1 WHAT ARE THEY AND WHY ARE THEY CONTROVERSIAL?
COCHLEAR IMPLANTS WHAT ARE THEY AND WHY ARE THEY CONTROVERSIAL?

2 WHAT IS A COCHLEAR IMPLANT?
A cochlear implant is a small, complex electronic device that can potentially help to provide a sense of sound to a person who is profoundly deaf or severely hard-of-hearing. The implant consists of an external portion that sits behind the ear and a second portion that is surgically placed under the skin (see figure).

3 A COCHLEAR IMPLANT HAS THE FOLLOWING PARTS:
* A microphone, which picks up sound from the environment. * A speech processor, which selects and arranges sounds picked up by the microphone. * A transmitter and receiver/stimulator, which receive signals from the speech processor and convert them into electric impulses. * An electrode array, which is a group of electrodes that collects the impulses from the stimulator and sends them to different regions of the auditory nerve.

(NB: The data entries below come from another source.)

lemma cnpos_cinner_adjoint:
  fixes \<sigma> :: "nat \<Rightarrow> nat \<Rightarrow> 'a::cstar_alg1 \<Rightarrow> 'h::chilbert \<Rightarrow> 'h"
  assumes cp: "cnpos P n \<sigma>" and ij: "i \<in> {1..n}" "j \<in> {1..n}"
  shows "cinner \<xi> (\<sigma> i j a \<eta>) = cnj (cinner \<eta> (\<sigma> j i (astar a) \<xi>))"
proof -
  define g where "g = cinner \<xi> (\<sigma> i j a \<eta>)"
  define h where "h = cinner \<eta> (\<sigma> j i (astar a) \<xi>)"
  define d1 where "d1 = cinner \<xi> (\<sigma> i i 1 \<xi>)"
  define d2 where "d2 = cinner \<eta> (\<sigma> j j (astar a * a) \<eta>)"
  have "gram_form \<sigma> 2 (\<lambda>l. if l = 0 then i else j) (\<lambda>l. if l = 0 then 1 else a)
      (\<lambda>l. if l = 0 then \<xi> else scaleC c \<eta>) = d1 + c * g + cnj c * h + cnj c * c * d2" for c
    unfolding gram_form_2 g_def h_def d1_def d2_def
    using ij by (simp add: cnpos_scaleC[OF cp] cinner_scaleC_right mult.assoc)
  then have real: "Im (d1 + c * g + cnj c * h + cnj c * c * d2) = 0" for c
    using gram_form_nonneg[OF cp, of 2 "\<lambda>l. if l = 0 then i else j"] ij by metis
  have "Im d1 = 0"
    using gram_form_nonneg[OF cp, of 1 "\<lambda>_. i" "\<lambda>_. 1" "\<lambda>_. \<xi>"] ij
    unfolding gram_form_1 d1_def by auto
  moreover have "Im d2 = 0"
    using gram_form_nonneg[OF cp, of 1 "\<lambda>_. j" "\<lambda>_. a" "\<lambda>_. \<eta>"] ij
    unfolding gram_form_1 d2_def by auto
  ultimately have "Im g + Im h = 0" "Re g - Re h = 0"
    using real[of 1] real[of \<i>] by simp_all
  then show ?thesis unfolding g_def h_def by (simp add: complex_eq_iff)
qed

lemma bounded_below_Re_mult_eq_zero:
  fixes g :: complex
  assumes "\<And>c. 0 \<le> d + Re (c * g)"
  shows "g = 0"
proof (rule ccontr)
  assume "g \<noteq> 0"
  then have "Re ((- complex_of_real (\<bar>d\<bar> + 1) / g) * g) = - (\<bar>d\<bar> + 1)"
    by simp
  then show False
    using assms[of "- complex_of_real (\<bar>d\<bar> + 1) / g"] by linarith
qed

text \<open>The gram_form of 1 \<otimes> \<xi> in block j and w \<otimes> -\<xi> in block i, i.e. the squared length
  of V_j \<xi> - \<Phi>(w) V_i \<xi>.\<close>
definition shift_defect ::
  "(nat \<Rightarrow> nat \<Rightarrow> 'a::cstar_alg1 \<Rightarrow> 'h::chilbert \<Rightarrow> 'h) \<Rightarrow> nat \<Rightarrow> nat \<Rightarrow> 'a \<Rightarrow> 'h \<Rightarrow> complex" where
  "shift_defect \<sigma> i j w \<xi> =
     cinner \<xi> (\<sigma> j j 1 \<xi>) - cinner \<xi> (\<sigma> j i w \<xi>) - cinner \<xi> (\<sigma> i j (astar w) \<xi>)
     + cinner \<xi> (\<sigma> i i (astar w * w) \<xi>)"

lemma gram_form_shift_defect:
  assumes "cnpos P n \<sigma>" "i \<in> {1..n}" "j \<in> {1..n}"
  shows "gram_form \<sigma> 2 (\<lambda>l. if l = 0 then j else i) (\<lambda>l. if l = 0 then 1 else w)
           (\<lambda>l. if l = 0 then \<xi> else scaleC (-1) \<xi>) = shift_defect \<sigma> i j w \<xi>"
  unfolding gram_form_2 shift_defect_def
  using assms by (simp add: cnpos_scaleC[OF assms(1)] cinner_scaleC_right)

4 HOW DOES A COCHLEAR IMPLANT WORK?
A cochlear implant is very different from a hearing aid. Hearing aids amplify sounds so they may be detected by damaged ears. Cochlear implants bypass damaged portions of the ear and directly stimulate the auditory nerve. Signals generated by the implant are sent by way of the auditory nerve to the brain, which recognizes the signals as sound. Hearing through a cochlear implant is different from normal hearing and takes time to learn or relearn. However, it allows many people to recognize warning signals, understand other sounds in the environment, and sometimes even enjoy a conversation better in person or by telephone. An implant does not restore normal hearing. Instead, it can potentially give a deaf person a useful representation of sounds in the environment and help him or her to understand speech.

5 WHO GETS COCHLEAR IMPLANTS?
Children and adults who are deaf or severely hard-of-hearing can be tested for eligibility and fitted for cochlear implants. According to the Food and Drug Administration (FDA), as of December 2012, approximately 324,200 people worldwide have received implants. In the United States, roughly 58,000 adults and 38,000 children have received them. Since 2000, cochlear implants have been FDA-approved for use in eligible children beginning at 12 months of age. Some adults who have lost all or most of their hearing later in life can also be fitted for cochlear implants. They learn to associate the signal provided by an implant with sounds they remember. This sometimes provides these individuals with the ability to understand speech solely by listening through the implant, without requiring any visual cues such as those provided by lipreading or sign language.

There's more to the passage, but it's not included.